→ Problem statement
Read the records below and copy each line that contains "rule".
*** Opening of Records to process ***
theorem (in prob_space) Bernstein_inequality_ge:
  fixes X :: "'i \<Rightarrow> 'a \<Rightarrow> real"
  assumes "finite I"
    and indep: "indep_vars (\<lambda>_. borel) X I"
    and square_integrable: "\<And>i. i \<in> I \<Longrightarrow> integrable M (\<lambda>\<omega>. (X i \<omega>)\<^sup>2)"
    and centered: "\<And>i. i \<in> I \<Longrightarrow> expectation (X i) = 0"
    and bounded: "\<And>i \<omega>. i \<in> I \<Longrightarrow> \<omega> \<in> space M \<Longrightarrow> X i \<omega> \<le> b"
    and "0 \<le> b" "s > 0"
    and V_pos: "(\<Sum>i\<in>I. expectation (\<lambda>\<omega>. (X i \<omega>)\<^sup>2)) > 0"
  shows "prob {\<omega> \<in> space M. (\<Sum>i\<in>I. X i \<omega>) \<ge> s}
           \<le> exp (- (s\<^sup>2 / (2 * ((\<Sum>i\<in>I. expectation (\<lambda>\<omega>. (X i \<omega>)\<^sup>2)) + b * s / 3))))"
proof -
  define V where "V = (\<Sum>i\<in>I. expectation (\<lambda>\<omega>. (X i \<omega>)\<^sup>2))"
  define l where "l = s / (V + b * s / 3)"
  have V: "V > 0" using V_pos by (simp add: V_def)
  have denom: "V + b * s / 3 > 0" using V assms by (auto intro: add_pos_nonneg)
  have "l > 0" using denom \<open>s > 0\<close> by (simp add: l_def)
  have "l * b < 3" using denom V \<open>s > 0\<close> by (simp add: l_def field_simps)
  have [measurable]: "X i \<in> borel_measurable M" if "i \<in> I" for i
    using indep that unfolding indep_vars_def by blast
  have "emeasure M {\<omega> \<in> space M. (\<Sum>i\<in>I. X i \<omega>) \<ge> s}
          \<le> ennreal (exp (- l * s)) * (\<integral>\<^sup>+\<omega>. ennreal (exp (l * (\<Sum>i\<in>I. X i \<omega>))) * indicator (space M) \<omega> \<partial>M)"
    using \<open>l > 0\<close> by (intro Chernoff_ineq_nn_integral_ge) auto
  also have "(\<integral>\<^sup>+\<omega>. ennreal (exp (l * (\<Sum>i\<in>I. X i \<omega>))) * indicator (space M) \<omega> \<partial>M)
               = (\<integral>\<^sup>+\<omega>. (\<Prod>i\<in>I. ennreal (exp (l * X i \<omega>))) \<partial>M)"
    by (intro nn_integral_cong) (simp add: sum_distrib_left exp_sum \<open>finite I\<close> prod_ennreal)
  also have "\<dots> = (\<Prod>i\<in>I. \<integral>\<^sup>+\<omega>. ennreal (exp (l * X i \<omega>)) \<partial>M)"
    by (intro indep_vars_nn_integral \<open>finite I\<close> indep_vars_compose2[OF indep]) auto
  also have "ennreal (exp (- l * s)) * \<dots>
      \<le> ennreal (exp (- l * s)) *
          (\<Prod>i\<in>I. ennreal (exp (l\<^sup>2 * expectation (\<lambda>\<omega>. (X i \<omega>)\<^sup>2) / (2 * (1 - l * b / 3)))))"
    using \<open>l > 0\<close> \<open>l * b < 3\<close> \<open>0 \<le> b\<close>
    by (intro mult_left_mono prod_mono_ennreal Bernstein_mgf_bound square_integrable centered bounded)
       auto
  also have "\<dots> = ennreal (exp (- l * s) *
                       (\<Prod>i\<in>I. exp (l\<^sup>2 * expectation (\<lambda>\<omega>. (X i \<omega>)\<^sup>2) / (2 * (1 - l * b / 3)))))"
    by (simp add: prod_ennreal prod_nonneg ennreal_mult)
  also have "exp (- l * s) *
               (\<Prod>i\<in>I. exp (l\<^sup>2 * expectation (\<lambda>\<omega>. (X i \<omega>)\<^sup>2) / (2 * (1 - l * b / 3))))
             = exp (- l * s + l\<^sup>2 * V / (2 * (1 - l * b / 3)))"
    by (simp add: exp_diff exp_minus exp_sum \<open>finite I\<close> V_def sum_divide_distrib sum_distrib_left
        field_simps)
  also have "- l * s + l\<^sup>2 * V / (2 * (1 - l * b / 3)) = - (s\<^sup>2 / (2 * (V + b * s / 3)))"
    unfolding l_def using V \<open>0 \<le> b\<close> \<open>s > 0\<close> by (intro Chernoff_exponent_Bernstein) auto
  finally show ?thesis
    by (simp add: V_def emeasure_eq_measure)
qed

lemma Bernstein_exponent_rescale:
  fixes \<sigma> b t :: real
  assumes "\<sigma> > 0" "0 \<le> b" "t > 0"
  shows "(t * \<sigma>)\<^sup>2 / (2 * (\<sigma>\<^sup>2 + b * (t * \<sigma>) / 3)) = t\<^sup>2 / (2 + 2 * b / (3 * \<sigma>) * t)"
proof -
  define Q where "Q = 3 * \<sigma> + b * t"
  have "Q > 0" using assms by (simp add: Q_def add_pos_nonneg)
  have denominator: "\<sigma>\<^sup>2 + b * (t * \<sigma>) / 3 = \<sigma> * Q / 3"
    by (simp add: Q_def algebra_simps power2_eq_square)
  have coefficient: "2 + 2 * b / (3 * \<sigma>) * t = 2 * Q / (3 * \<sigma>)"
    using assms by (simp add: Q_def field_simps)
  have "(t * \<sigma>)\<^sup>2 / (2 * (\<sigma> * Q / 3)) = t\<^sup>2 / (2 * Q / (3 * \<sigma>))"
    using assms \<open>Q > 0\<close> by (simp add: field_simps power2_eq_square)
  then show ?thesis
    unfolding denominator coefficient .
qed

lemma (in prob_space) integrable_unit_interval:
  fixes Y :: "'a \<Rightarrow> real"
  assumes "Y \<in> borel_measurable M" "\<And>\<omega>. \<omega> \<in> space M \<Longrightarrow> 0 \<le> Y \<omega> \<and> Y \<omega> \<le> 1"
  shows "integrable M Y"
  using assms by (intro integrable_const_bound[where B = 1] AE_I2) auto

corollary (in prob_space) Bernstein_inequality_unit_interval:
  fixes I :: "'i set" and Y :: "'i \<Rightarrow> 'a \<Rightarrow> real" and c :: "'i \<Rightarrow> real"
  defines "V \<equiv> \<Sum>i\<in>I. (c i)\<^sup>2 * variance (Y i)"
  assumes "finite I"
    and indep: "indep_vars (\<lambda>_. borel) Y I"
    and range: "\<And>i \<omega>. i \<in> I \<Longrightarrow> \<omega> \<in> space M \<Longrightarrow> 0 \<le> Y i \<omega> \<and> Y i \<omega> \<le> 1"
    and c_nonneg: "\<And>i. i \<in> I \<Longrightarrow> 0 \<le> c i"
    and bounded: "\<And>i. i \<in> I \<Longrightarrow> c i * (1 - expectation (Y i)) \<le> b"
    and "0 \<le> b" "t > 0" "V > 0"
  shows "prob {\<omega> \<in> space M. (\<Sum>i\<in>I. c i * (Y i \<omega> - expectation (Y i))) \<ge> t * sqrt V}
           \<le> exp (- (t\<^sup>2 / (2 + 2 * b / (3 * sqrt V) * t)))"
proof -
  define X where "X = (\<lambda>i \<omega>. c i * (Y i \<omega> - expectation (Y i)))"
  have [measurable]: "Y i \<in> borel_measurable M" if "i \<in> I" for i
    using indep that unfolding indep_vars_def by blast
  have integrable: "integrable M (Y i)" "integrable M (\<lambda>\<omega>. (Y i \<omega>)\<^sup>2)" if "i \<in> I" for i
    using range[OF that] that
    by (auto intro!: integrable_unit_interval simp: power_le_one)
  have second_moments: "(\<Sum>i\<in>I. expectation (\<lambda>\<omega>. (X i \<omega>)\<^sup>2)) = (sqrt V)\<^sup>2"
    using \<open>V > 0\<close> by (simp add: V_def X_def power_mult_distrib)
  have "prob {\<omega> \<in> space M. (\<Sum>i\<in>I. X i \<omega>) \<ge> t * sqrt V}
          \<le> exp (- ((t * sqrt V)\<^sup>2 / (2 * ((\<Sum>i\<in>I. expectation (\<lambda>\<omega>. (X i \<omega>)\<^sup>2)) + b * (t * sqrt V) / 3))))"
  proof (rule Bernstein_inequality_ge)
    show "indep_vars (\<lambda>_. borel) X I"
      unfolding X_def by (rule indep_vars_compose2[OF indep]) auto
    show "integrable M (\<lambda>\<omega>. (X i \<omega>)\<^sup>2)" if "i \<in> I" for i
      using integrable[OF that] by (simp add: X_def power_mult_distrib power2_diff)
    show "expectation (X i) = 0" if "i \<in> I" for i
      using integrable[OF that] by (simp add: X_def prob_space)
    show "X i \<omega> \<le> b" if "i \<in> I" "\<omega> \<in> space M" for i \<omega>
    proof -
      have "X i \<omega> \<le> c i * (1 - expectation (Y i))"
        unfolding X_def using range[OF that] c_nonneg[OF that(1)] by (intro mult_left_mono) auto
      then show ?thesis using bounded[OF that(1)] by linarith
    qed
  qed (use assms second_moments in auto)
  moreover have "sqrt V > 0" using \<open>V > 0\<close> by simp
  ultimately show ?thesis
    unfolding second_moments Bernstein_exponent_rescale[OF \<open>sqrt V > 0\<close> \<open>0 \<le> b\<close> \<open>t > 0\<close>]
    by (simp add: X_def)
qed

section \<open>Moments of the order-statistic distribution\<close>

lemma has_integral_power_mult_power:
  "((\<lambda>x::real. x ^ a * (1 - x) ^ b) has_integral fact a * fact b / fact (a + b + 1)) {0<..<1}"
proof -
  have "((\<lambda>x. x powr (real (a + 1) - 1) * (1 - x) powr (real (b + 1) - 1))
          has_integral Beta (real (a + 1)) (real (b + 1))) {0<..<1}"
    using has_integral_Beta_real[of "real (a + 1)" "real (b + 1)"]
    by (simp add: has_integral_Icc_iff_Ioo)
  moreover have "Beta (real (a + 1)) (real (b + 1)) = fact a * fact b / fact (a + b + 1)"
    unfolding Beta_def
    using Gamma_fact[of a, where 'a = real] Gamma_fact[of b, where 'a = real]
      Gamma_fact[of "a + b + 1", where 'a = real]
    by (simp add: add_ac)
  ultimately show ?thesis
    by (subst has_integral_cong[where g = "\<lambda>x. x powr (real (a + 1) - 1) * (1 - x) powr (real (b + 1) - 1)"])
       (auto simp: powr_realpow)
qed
*** Close of Records to process ***
→ Reply to the exercise
  proof (rule Bernstein_inequality_ge)
      unfolding X_def by (rule indep_vars_compose2[OF indep]) auto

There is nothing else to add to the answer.